Plans for the storied Angel Guardian Home have finally been revealed.
According to The Brooklyn Daily, the site’s long-mysterious developer Scott Barone has finally been given some wiggle room in his confidentiality agreement with the historic site’s owners, the Sisters of Mercy, and has revealed his intentions for the site: “A senior center, affordable housing, senior housing and perhaps a school.”
According to The Daily, Barone — the founder and president of the Manhattan-based Barone Management — stated “that he has already had meetings with the Landmarks Preservation Commission (LPC) about the century-old main building, but his current plans are to preserve it as part of the final design, though he’s not yet sure what would go there.”
The home, located at 6301 12th Avenue, was sold at the end of last year.
Plans are expected to be finalized, Barone said, within the next two to three months, given approval from the Vatican.
The Daily reports that “60 percent of the block-sized property bound by 63rd and 64th streets and 12th and 13th avenues will be devoted to market-rate condos, with an additional 15 percent earmarked for affordable housing and the last 25 percent split between senior housing and perhaps a school.”
These negotiations were teased by State Senator Marty Golden at a Friday, April 20 rally to save the Narrows Senior Center — the last remaining lease-holder within the storied 140,000-square-foot, block-long Angel Guardian Home. The rally was one of three organized by Pauline Castagna, a local supporter of both the home and the center. All three were also supported by the Guardians of the Guardian, a grassroots group of neighbors set on saving the Angel Guardian Home, its senior center and, most recently, St. Rosalia Church.
If given the green light, Barone will reportedly offer the Narrows Senior Center a long-term lease at its current rent when the new buildings are complete.
The site was built in 1902, according to city records, and served as an extension of the Convent of Mercy, housing hundreds of orphans and eventually acting as a formal adoption agency until the 1970s.
In 2003, the Angel Guardian Home merged with St.

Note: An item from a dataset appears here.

(* Let $L$ be a differential graded Lie algebra with differential $\delta$ (degree $-1$) and bracket $[\cdot,\cdot]$ (degree $0$), and let $D$ be the operator equal to $\delta$ on $L_1$ and zero on $L_i$, $i\ne1$. Fix $n$ and homogeneous elements $a_0,\dots,a_n\in L$. For $j,k\ge0$ with $j+k<n$ define $$Z_{n,j,k}=\sum_{\pi\in S_{n+1}}(-1)^{\varepsilon+|a_{\pi_1}|+\dots+|a_{\pi_j}|}\,\Big[\dots\Big[\big[\dots[Da_{\pi_0},a_{\pi_1}],\dots,a_{\pi_j}\big],\big[\dots[Da_{\pi_{j+1}},a_{\pi_{j+2}}],\dots,a_{\pi_{j+k+1}}\big]\Big],a_{\pi_{j+k+2}}\Big],\dots,a_{\pi_n}\Big],$$ i.e. the left-nested bracket of $Da_{\pi_0}$ with $a_{\pi_1},\dots,a_{\pi_j}$ is bracketed with the left-nested bracket of $Da_{\pi_{j+1}}$ with $a_{\pi_{j+2}},\dots,a_{\pi_{j+k+1}}$, and the result is then successively bracketed on the right with $a_{\pi_{j+k+2}},\dots,a_{\pi_n}$; here $(-1)^\varepsilon$ is the Koszul sign of the action of $\pi$ on $a_0\otimes\dots\otimes a_n$. Then $Z_{n,j,k}=Z_{n,k,j}$, and if $j+k+1<n$, then $Z_{n,j,k}=Z_{n,j+1,k}+Z_{n,j,k+1}$.
   Context: A differential graded Lie algebra: $\mathbb{Z}$-graded vector space $L=\bigoplus_iL_i$ with graded antisymmetric bracket of degree $0$ satisfying the graded Jacobi identity and a square-zero derivation $\delta:L_i\to L_{i-1}$. *)

theory Defs
  imports "HOL-Combinatorics.Permutations"
begin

Mary’s of the Angels Home to form the MercyFirst network of agencies. Up until late last year, the campus – which spans the entire block – housed the offices for the Sisters’ foster care program as well as a senior center, which, operated by Catholic Charities of Brooklyn and Queens, was once safe until June.
“We want to maintain this building, we want to maintain this property and, most of all, we want to keep our seniors here,” contended Fran Vella-Marrone, president of the Dyker Heights Civic Association and active member of the Guardians at the April 20 rally. “That’s what this is all about.”

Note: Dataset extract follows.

(* Let $\Phi(f)(x,y)=1-f(1-x,1-y)$. If $\otimes$ is a uninorm satisfying properties $A$ and $B$, then the rearrangement inequality and the dual rearrangement inequality hold for $(\otimes,\Phi(\otimes))$. If $\oplus$ is a uninorm satisfying properties $A'$ and $B'$, then the rearrangement inequality and the dual rearrangement inequality hold for $(\Phi(\oplus),\oplus)$.
   Context: A uninorm is a function $\otimes:[0,1]^2\to[0,1]$ that is commutative, associative, monotonic ($x\leq y$ implies $x\otimes z\leq y\otimes z$), and has an identity element $e\in[0,1]$ (note $\Phi$ of a uninorm is again a uninorm). Properties of $f:[0,1]^2\to[0,1]$: $A$: for all $0\leq x\leq y\leq z\leq w\leq 1$, $w+x\leq y+z\Rightarrow f(x,w)\leq f(y,z)$; $A'$: for all $0\leq x\leq y\leq z\leq w\leq 1$, $w+x\geq y+z\Rightarrow f(x,w)\geq f(y,z)$; $B$: for all $0\leq x\leq y\leq 1$, $0\leq z\leq w\leq1$, $f(x,w)-f(x,z)\leq f(y,w)-f(y,z)$; $B'$: same with $\geq$. For uninorms, $(\otimes,\oplus)$ satisfies the rearrangement inequality if for every $n\geq1$, all $0\leq x_1\leq\cdots\leq x_n\leq 1$, $0\leq y_1\leq\cdots\leq y_n\leq 1$ and every permutation $\sigma$ of $\{1,\dots,n\}$, $$(x_n\otimes y_1)\oplus\cdots\oplus(x_1\otimes y_n)\leq (x_{\sigma(1)}\otimes y_1)\oplus\cdots\oplus(x_{\sigma(n)}\otimes y_n)\leq (x_1\otimes y_1)\oplus\cdots\oplus(x_n\otimes y_n),$$ and the dual rearrangement inequality if for all such data $$(x_n\oplus y_1)\otimes\cdots\otimes(x_1\oplus y_n)\geq (x_{\sigma(1)}\oplus y_1)\otimes\cdots\otimes(x_{\sigma(n)}\oplus y_n)\geq (x_1\oplus y_1)\otimes\cdots\otimes(x_n\oplus y_n).$$ *)

theory Defs
  imports "HOL-Analysis.Analysis" "HOL-Combinatorics.Permutations"
begin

Meanwhile, demolition has already begun on St. Rosalia, another Dyker Heights institution which was founded in 1902 as an Italian national parish. Its sale, first announced last spring via a decree from the Diocese and first reported by this paper, was met with disappointment from local residents.

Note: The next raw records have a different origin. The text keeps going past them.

lemma lsc_at_compact_eventually_close:
  fixes F :: "'a::metric_space \<Rightarrow> 'b::metric_space set"
  assumes "lsc_at F y" "compact (F y)" "e > 0"
  shows "eventually (\<lambda>b. \<forall>q\<in>F y. \<exists>g\<in>F b. dist q g < e) (nhds y)"
proof -
  have "F y \<subseteq> (\<Union>q\<in>F y. ball q (e/2))" using \<open>e > 0\<close> by force
  then obtain Q where Q: "Q \<subseteq> F y" "finite Q" "F y \<subseteq> (\<Union>q\<in>Q. ball q (e/2))"
    using compactE_image[OF assms(2), of "F y" "\<lambda>q. ball q (e/2)"] by blast
  have "\<forall>q'\<in>Q. eventually (\<lambda>b. F b \<inter> ball q' (e/2) \<noteq> {}) (nhds y)"
  proof
    fix q' assume "q' \<in> Q"
    then have "F y \<inter> ball q' (e/2) \<noteq> {}" using Q(1) \<open>e > 0\<close> by auto
    then obtain r where "r > 0" "\<forall>b\<in>ball y r. F b \<inter> ball q' (e/2) \<noteq> {}"
      using assms(1) unfolding lsc_at_def by blast
    then show "eventually (\<lambda>b. F b \<inter> ball q' (e/2) \<noteq> {}) (nhds y)"
      unfolding eventually_nhds_metric by (auto simp: dist_commute)
  qed
  then have "eventually (\<lambda>b. \<forall>q'\<in>Q. F b \<inter> ball q' (e/2) \<noteq> {}) (nhds y)"
    by (rule eventually_ball_finite[OF Q(2)])
  then show ?thesis
  proof (rule eventually_mono)
    fix b assume near: "\<forall>q'\<in>Q. F b \<inter> ball q' (e/2) \<noteq> {}"
    show "\<forall>q\<in>F y. \<exists>g\<in>F b. dist q g < e"
    proof
      fix q assume "q \<in> F y"
      then obtain q' where "q' \<in> Q" "q \<in> ball q' (e/2)" using Q(3) by blast
      moreover from \<open>q' \<in> Q\<close> have "F b \<inter> ball q' (e/2) \<noteq> {}" using near by blast
      then obtain g where g: "g \<in> F b" "g \<in> ball q' (e/2)" by blast
      ultimately have "dist q g < e"
        using dist_triangle[of q g q'] by (simp add: dist_commute)
      then show "\<exists>g\<in>F b. dist q g < e"
        using g(1) by blast
    qed
  qed
qed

Its 21,000-square-foot lot, being prepped for sale as a blank slate, is just blocks away from the Angel Guardian Home.
A spokesperson for the LPC told this paper in March that it had received a request to evaluate St. Rosalia Church and that it was “under review.”
The same spokesperson, when asked for an update, said Thursday that “after carefully reviewing the building’s architectural and historical qualities, LPC determined that it does not rise to the level of significance necessary for consideration as a potential individual landmark. We appreciate the importance of the building to its community, but in a city the size of New York, with its many religious structures, the Commission must be very selective in choosing examples of this building type for designation as individual landmarks.”